- The first ever dedicated history of the Radio Security Service (RSS)
- Insight into the structure and organisation of the RSS including its legacy after the Second World War, entering the Cold War and the creation of GCHQ in 1946
- Personal stories of the Voluntary Interceptors (VIs) and wireless operators working against German Intelligence networks around the world
- Profusely illustrated with many previously unpublished photos
- Foreword by ex-GCHQ Director Sir Iain Lobban KCMG CB
During the Second World War, German intelligence had deployed wireless teams throughout occupied Europe and agents infiltrated Britain to spy on military activity.
Monitoring and reporting of wireless transmissions fell to a small, secretive and largely unknown unit. It became known as the Radio Security Service (RSS) and was at the core of the intelligence production effort at Bletchley Park. It gave unique insights into German Intelligence Services operations and planning.

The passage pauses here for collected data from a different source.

(* Let $\varepsilon>0$ and $\delta\in(0,1)$, and set $p=1-e^{-\varepsilon}$ and $k=\left\lceil\frac{1}{\varepsilon}\ln\left(\frac{e^{\varepsilon}+2\delta-1}{(e^{\varepsilon}+1)\delta}\right)\right\rceil$. Let $f$ be an integer-valued query on databases with sensitivity $1$ (i.e. $|f(D)-f(D')|\le1$ whenever $D'$ is obtained from $D$ by adding or removing one user). The truncated geometric mechanism, which on input $D$ outputs $f(D)+X$ with $X$ drawn from the $k$-truncated symmetric geometric distribution with parameter $p$, is $(\varepsilon,\delta)$-differentially private.
   Context: For $p\in(0,1)$ and an integer $k\ge1$, the $k$-truncated symmetric geometric distribution ($k$-TSGD) with parameter $p$ is the distribution on $\mathbb{Z}$ with $\Pr[X=x]=c\,(1-p)^{|x|}$ for $x\in[-k,k]\cap\mathbb{Z}$ and $0$ otherwise, where $c=\frac{p}{1+(1-p)-2(1-p)^{k+1}}$. A randomized mechanism $\mathcal{M}$ is $(\varepsilon,\delta)$-differentially private if for any databases $D,D'$ where $D'$ is obtained from $D$ by adding or removing one user, and all sets $S$ of outputs, $\Pr[\mathcal{M}(D)\in S]\le e^{\varepsilon}\Pr[\mathcal{M}(D')\in S]+\delta$. *)

theory Defs
  imports "HOL-Probability.Probability" "HOL-Library.Multiset"
begin

text \<open>Normalising constant of the k-truncated symmetric geometric distribution.\<close>
definition tsgd_const :: "real \<Rightarrow> nat \<Rightarrow> real" where
  "tsgd_const p k = p / (1 + (1 - p) - 2 * (1 - p) ^ (k + 1))"

definition tsgd_mass :: "real \<Rightarrow> nat \<Rightarrow> int \<Rightarrow> real" where
  "tsgd_mass p k x = (if \<bar>x\<bar> \<le> int k then tsgd_const p k * (1 - p) ^ nat \<bar>x\<bar> else 0)"

definition tsgd :: "real \<Rightarrow> nat \<Rightarrow> int pmf" where
  "tsgd p k = embed_pmf (tsgd_mass p k)"

definition neighbour :: "'u multiset \<Rightarrow> 'u multiset \<Rightarrow> bool" where
  "neighbour D D' \<longleftrightarrow> (\<exists>u. D' = add_mset u D \<or> D = add_mset u D')"

definition sensitivity_one :: "('u multiset \<Rightarrow> int) \<Rightarrow> bool" where
  "sensitivity_one f \<longleftrightarrow> (\<forall>D D'. neighbour D D' \<longrightarrow> \<bar>f D - f D'\<bar> \<le> 1)"

definition differentially_private ::
  "('u multiset \<Rightarrow> 'o pmf) \<Rightarrow> real \<Rightarrow> real \<Rightarrow> bool" where
  "differentially_private M \<epsilon> \<delta> \<longleftrightarrow>
     (\<forall>D D' S. neighbour D D' \<longrightarrow>
        measure_pmf.prob (M D) S \<le> exp \<epsilon> * measure_pmf.prob (M D') S + \<delta>)"

definition truncated_geometric_mechanism ::
  "('u multiset \<Rightarrow> int) \<Rightarrow> real \<Rightarrow> nat \<Rightarrow> 'u multiset \<Rightarrow> int pmf" where
  "truncated_geometric_mechanism f p k D = map_pmf (\<lambda>x. f D + x) (tsgd p k)"

end

theory Submission
  imports Defs
begin

text \<open>With q = 1 - p = exp (-\<epsilon>), moving the argument of the k-TSGD by at most one changes its
  mass by a factor of at most exp \<epsilon>, except at the single boundary point \<plusminus>k whose
  neighbour lies outside the support. Hence every event of one output distribution is bounded by
  exp \<epsilon> times the corresponding event of the neighbouring one plus the boundary mass
  c q^k, and the truncation level k is chosen exactly so that c q^k \<le> \<delta>.\<close>

lemma sum_symmetric_geometric:
  fixes q :: real
  shows "(1 - q) * (\<Sum>x\<in>{-int k..int k}. q ^ nat \<bar>x\<bar>) = 1 + q - 2 * q ^ (k + 1)"
proof (induction k)
  case 0
  then show ?case by simp
next
  case (Suc k)
  let ?S = "\<lambda>k. \<Sum>x\<in>{-int k..int k}. q ^ nat \<bar>x\<bar>"
  have "{-int (Suc k)..int (Suc k)} = insert (-int (Suc k)) (insert (int (Suc k)) {-int k..int k})"
    by auto
  then have "?S (Suc k) = 2 * q ^ Suc k + ?S k"
    by (simp add: nat_add_distrib)
  then have "(1 - q) * ?S (Suc k) = (1 - q) * (2 * q ^ Suc k) + (1 - q) * ?S k"
    by (simp only: distrib_left)
  also have "\<dots> = (1 - q) * (2 * q ^ Suc k) + (1 + q - 2 * q ^ (k + 1))"
    by (simp only: Suc.IH)
  finally show ?case
    by (simp add: algebra_simps)
qed

lemma tsgd_const_pos:
  assumes "0 < p" "p \<le> 1"
  shows "0 < tsgd_const p k"
proof -
  have "(1 - p) ^ (k + 1) \<le> 1 - p"
    using assms by (simp add: power_le_one mult_left_le)
  then show ?thesis
    using assms by (simp add: tsgd_const_def)
qed

lemma tsgd_const_mult_sum:
  assumes "0 < p" "p \<le> 1"
  shows "tsgd_const p k * (\<Sum>x\<in>{-int k..int k}. (1 - p) ^ nat \<bar>x\<bar>) = 1"
proof -
  have "p * (\<Sum>x\<in>{-int k..int k}. (1 - p) ^ nat \<bar>x\<bar>) = 1 + (1 - p) - 2 * (1 - p) ^ (k + 1)"
    using sum_symmetric_geometric[of "1 - p" k] by simp
  moreover have "1 + (1 - p) - 2 * (1 - p) ^ (k + 1) \<noteq> 0"
    using tsgd_const_pos[OF assms, of k] by (auto simp: tsgd_const_def)
  ultimately show ?thesis
    by (simp add: tsgd_const_def)
qed

context
  fixes p :: real and k :: nat
  assumes p_pos: "0 < p" and p_le_1: "p \<le> 1"
begin

lemma tsgd_mass_nonneg: "0 \<le> tsgd_mass p k x"
  using tsgd_const_pos[OF p_pos p_le_1, of k] p_le_1 by (simp add: tsgd_mass_def)

lemma nn_integral_tsgd_mass: "(\<integral>\<^sup>+x. ennreal (tsgd_mass p k x) \<partial>count_space UNIV) = 1"
proof -
  have "(\<integral>\<^sup>+x. ennreal (tsgd_mass p k x) \<partial>count_space UNIV)
      = (\<integral>\<^sup>+x. ennreal (tsgd_mass p k x) \<partial>count_space {-int k..int k})"
    by (subst nn_integral_count_space_indicator)
       (auto intro!: nn_integral_cong simp: tsgd_mass_def indicator_def)
  also have "\<dots> = ennreal (\<Sum>x\<in>{-int k..int k}. tsgd_mass p k x)"
    by (simp add: nn_integral_count_space_finite sum_ennreal tsgd_mass_nonneg)
  also have "(\<Sum>x\<in>{-int k..int k}. tsgd_mass p k x)
      = tsgd_const p k * (\<Sum>x\<in>{-int k..int k}. (1 - p) ^ nat \<bar>x\<bar>)"
    by (auto simp: sum_distrib_left tsgd_mass_def intro!: sum.cong)
  finally show ?thesis
    using tsgd_const_mult_sum[OF p_pos p_le_1] by simp
qed

lemma pmf_tsgd: "pmf (tsgd p k) x = tsgd_mass p k x"
  unfolding tsgd_def by (rule pmf_embed_pmf[OF tsgd_mass_nonneg nn_integral_tsgd_mass])

lemma measure_tsgd:
  "measure_pmf.prob (tsgd p k) A = (\<Sum>x\<in>A \<inter> {-int k..int k}. tsgd_mass p k x)"
proof -
  have "set_pmf (tsgd p k) \<subseteq> {-int k..int k}"
    by (auto simp: set_pmf_eq pmf_tsgd tsgd_mass_def)
  then have "A \<inter> {-int k..int k} \<inter> set_pmf (tsgd p k) = A \<inter> set_pmf (tsgd p k)"
    by blast
  then have "measure_pmf.prob (tsgd p k) A = measure_pmf.prob (tsgd p k) (A \<inter> {-int k..int k})"
    by (metis measure_Int_set_pmf)
  then show ?thesis
    by (simp add: measure_measure_pmf_finite pmf_tsgd)
qed

end

lemma tsgd_mass_le_shift:
  assumes "0 < p" "p < 1" "\<bar>d\<bar> \<le> 1" "\<bar>x\<bar> \<le> int k" "\<bar>x - d\<bar> \<le> int k"
  shows "tsgd_mass p k x \<le> tsgd_mass p k (x - d) / (1 - p)"
proof -
  have "(1 - p) ^ (nat \<bar>x\<bar> + 1) \<le> (1 - p) ^ nat \<bar>x - d\<bar>"
    using assms by (intro power_decreasing) auto
  then have "(1 - p) ^ nat \<bar>x\<bar> \<le> (1 - p) ^ nat \<bar>x - d\<bar> / (1 - p)"
    using assms(2) by (simp add: field_simps)
  then show ?thesis
    using assms tsgd_const_pos[of p k]
    by (simp add: tsgd_mass_def mult_left_mono times_divide_eq_right[symmetric] del: times_divide_eq_right)
qed

lemma measure_tsgd_le_shift:
  assumes "0 < p" "p < 1" "\<bar>d\<bar> \<le> 1"
  shows "measure_pmf.prob (tsgd p k) A
    \<le> measure_pmf.prob (tsgd p k) ((\<lambda>x. x + d) -` A) / (1 - p) + tsgd_const p k * (1 - p) ^ k"
proof -
  let ?K = "{-int k..int k}" and ?m = "tsgd_mass p k"
  define B where "B = {x \<in> A \<inter> ?K. x - d \<in> ?K}"
  define C where "C = {x \<in> A \<inter> ?K. x - d \<notin> ?K}"
  have fin: "finite B" "finite C"
    unfolding B_def C_def by (rule finite_subset[of _ ?K]; auto)+
  have "measure_pmf.prob (tsgd p k) A = sum ?m (A \<inter> ?K)"
    using assms by (simp add: measure_tsgd)
  also have "A \<inter> ?K = B \<union> C"
    by (auto simp: B_def C_def)
  also have "sum ?m (B \<union> C) = sum ?m B + sum ?m C"
    by (rule sum.union_disjoint) (use fin in \<open>auto simp: B_def C_def\<close>)
  also have "sum ?m B \<le> (\<Sum>x\<in>B. ?m (x - d)) / (1 - p)"
    unfolding sum_divide_distrib
    by (intro sum_mono tsgd_mass_le_shift) (use assms in \<open>auto simp: B_def\<close>)
  also have "(\<Sum>x\<in>B. ?m (x - d)) = sum ?m ((\<lambda>x. x - d) ` B)"
    by (simp add: sum.reindex inj_on_def)
  also have "\<dots> \<le> sum ?m ((\<lambda>x. x + d) -` A \<inter> ?K)"
    by (intro sum_mono2 tsgd_mass_nonneg) (use assms in \<open>auto simp: B_def\<close>)
  also have "\<dots> = measure_pmf.prob (tsgd p k) ((\<lambda>x. x + d) -` A)"
    using assms by (simp add: measure_tsgd)
  also have "sum ?m C \<le> of_nat (card C) * (tsgd_const p k * (1 - p) ^ k)"
  proof (rule sum_bounded_above)
    fix x
    assume "x \<in> C"
    then have "\<bar>x\<bar> = int k"
      using assms(3) by (auto simp: C_def)
    then show "?m x \<le> tsgd_const p k * (1 - p) ^ k"
      by (simp add: tsgd_mass_def)
  qed
  also have "\<dots> \<le> tsgd_const p k * (1 - p) ^ k"
  proof -
    have "card C \<le> 1"
      using assms(3) fin(2) by (auto simp: C_def card_le_Suc0_iff_eq)
    then show ?thesis
      using assms tsgd_const_pos[of p k] by (simp add: mult_left_le_one_le)
  qed
  finally show ?thesis
    using assms by (simp add: divide_right_mono)
qed

lemma tsgd_boundary_mass_le:
  fixes \<epsilon> \<delta> :: real
  assumes "0 < \<epsilon>" "0 \<le> \<delta>"
    and bound: "exp (- \<epsilon>) ^ k * (exp \<epsilon> + 2 * \<delta> - 1) \<le> (exp \<epsilon> + 1) * \<delta>"
  shows "tsgd_const (1 - exp (- \<epsilon>)) k * exp (- \<epsilon>) ^ k \<le> \<delta>"
proof -
  define q where "q = exp (- \<epsilon>)"
  have q: "0 < q" "q < 1" "q * exp \<epsilon> = 1"
    using assms(1) by (simp_all add: q_def exp_minus_inverse mult.commute)
  have den_pos: "0 < 1 + q - 2 * q ^ (k + 1)"
    using tsgd_const_pos[of "1 - q" k] q by (simp add: tsgd_const_def zero_less_divide_iff)
  have "q ^ k * (1 - q + 2 * \<delta> * q) = q * (q ^ k * (exp \<epsilon> + 2 * \<delta> - 1))"
    using q(3) by (simp add: algebra_simps)
  also have "\<dots> \<le> q * ((exp \<epsilon> + 1) * \<delta>)"
    using bound q(1) unfolding q_def by simp
  also have "\<dots> = (1 + q) * \<delta>"
    using q(3) by (simp add: algebra_simps)
  finally have "(1 - q) * q ^ k \<le> \<delta> * (1 + q - 2 * q ^ (k + 1))"
    by (simp add: algebra_simps)
  then show ?thesis
    using den_pos by (simp add: tsgd_const_def q_def[symmetric] pos_divide_le_eq)
qed

lemma exp_neg_pow_le_of_ln_le:
  fixes \<epsilon> \<delta> :: real
  assumes "0 < \<epsilon>" "0 < \<delta>"
    and k: "ln ((exp \<epsilon> + 2 * \<delta> - 1) / ((exp \<epsilon> + 1) * \<delta>)) \<le> \<epsilon> * real k"
  shows "exp (- \<epsilon>) ^ k * (exp \<epsilon> + 2 * \<delta> - 1) \<le> (exp \<epsilon> + 1) * \<delta>"
proof -
  define R where "R = (exp \<epsilon> + 2 * \<delta> - 1) / ((exp \<epsilon> + 1) * \<delta>)"
  have "1 < exp \<epsilon>"
    using assms(1) by simp
  then have numerator_pos: "0 < exp \<epsilon> + 2 * \<delta> - 1"
    using assms(2) by linarith
  then have R_pos: "0 < R"
    using assms(2) unfolding R_def by (intro divide_pos_pos mult_pos_pos) (auto simp: add_pos_pos)
  have "exp (- \<epsilon>) ^ k = exp (- (\<epsilon> * real k))"
    by (simp add: exp_of_nat_mult[symmetric] mult.commute)
  also have "\<dots> \<le> exp (- ln R)"
    using k by (simp add: R_def)
  also have "\<dots> = (exp \<epsilon> + 1) * \<delta> / (exp \<epsilon> + 2 * \<delta> - 1)"
    using numerator_pos R_pos by (simp add: exp_minus R_def)
  finally show ?thesis
    using numerator_pos by (simp add: pos_le_divide_eq)
qed

theorem theorem4:
  fixes f :: "'u multiset \<Rightarrow> int" and \<epsilon> \<delta> p :: real and k :: nat
  assumes "\<epsilon> > 0" and "0 < \<delta>" and "\<delta> < 1"
    and "p = 1 - exp (- \<epsilon>)"
    and "k = nat \<lceil>(1 / \<epsilon>) * ln ((exp \<epsilon> + 2 * \<delta> - 1) / ((exp \<epsilon> + 1) * \<delta>))\<rceil>"
    and "sensitivity_one f"
  shows "differentially_private (truncated_geometric_mechanism f p k) \<epsilon> \<delta>"
proof -
  have p: "0 < p" "p < 1" "exp \<epsilon> = 1 / (1 - p)"
    using assms(1) by (simp_all add: assms(4) exp_minus inverse_eq_divide)
  have "(1 / \<epsilon>) * ln ((exp \<epsilon> + 2 * \<delta> - 1) / ((exp \<epsilon> + 1) * \<delta>)) \<le> real k"
    unfolding assms(5) by (rule real_nat_ceiling_ge)
  then have "ln ((exp \<epsilon> + 2 * \<delta> - 1) / ((exp \<epsilon> + 1) * \<delta>)) \<le> \<epsilon> * real k"
    using assms(1) by (simp add: pos_divide_le_eq mult.commute)
  then have tail: "tsgd_const p k * (1 - p) ^ k \<le> \<delta>"
    using tsgd_boundary_mass_le[OF assms(1) _ exp_neg_pow_le_of_ln_le] assms(1,2,4) by simp
  show ?thesis
    unfolding differentially_private_def
  proof (intro allI impI)
    fix D D' :: "'u multiset" and S :: "int set"
    assume "neighbour D D'"
    then have d: "\<bar>f D' - f D\<bar> \<le> 1"
      using assms(6) unfolding sensitivity_one_def by (metis abs_minus_commute)
    have shift: "(\<lambda>x. x + (f D' - f D)) -` ((\<lambda>x. f D + x) -` S) = (\<lambda>x. f D' + x) -` S"
      by (auto simp: algebra_simps)
    show "measure_pmf.prob (truncated_geometric_mechanism f p k D) S
        \<le> exp \<epsilon> * measure_pmf.prob (truncated_geometric_mechanism f p k D') S + \<delta>"
      using measure_tsgd_le_shift[OF p(1,2) d, of k "(\<lambda>x. f D + x) -` S"] tail
      by (simp add: truncated_geometric_mechanism_def shift p(3))
  qed
qed

end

Much of the unit was made up of Voluntary Interceptors (VI) who would spend hours at home listening for faint signals transmitted by German intelligence wireless operators. The RSS story has never been fully documented and Radio War focuses on the secret world of wireless espionage and includes first-hand accounts from surviving veterans of the unit. Its existence was only made public 35 years after the war ended, shortly after Bletchley Park’s secrets were exposed. Patrick Reilly, the assistant to the Chief of MI6 Stewart Menzies, was to say of the RSS, ‘…a team of brilliance unparalleled anywhere in the intelligence machine’.
||234 x 156 mm
||12 December 2019
||39 black-and-white photographs
David Abrutat is a former Royal Marines Commando, RAF officer, zoologist and currently a lecturer in International Relations and Security Studies in the Department of Economics at the University of Buckingham. He has long had a passionate interest in military history. His most recent book is Vanguard: The Intelligence and Reconnaissance Missions Behind D-Day (2019).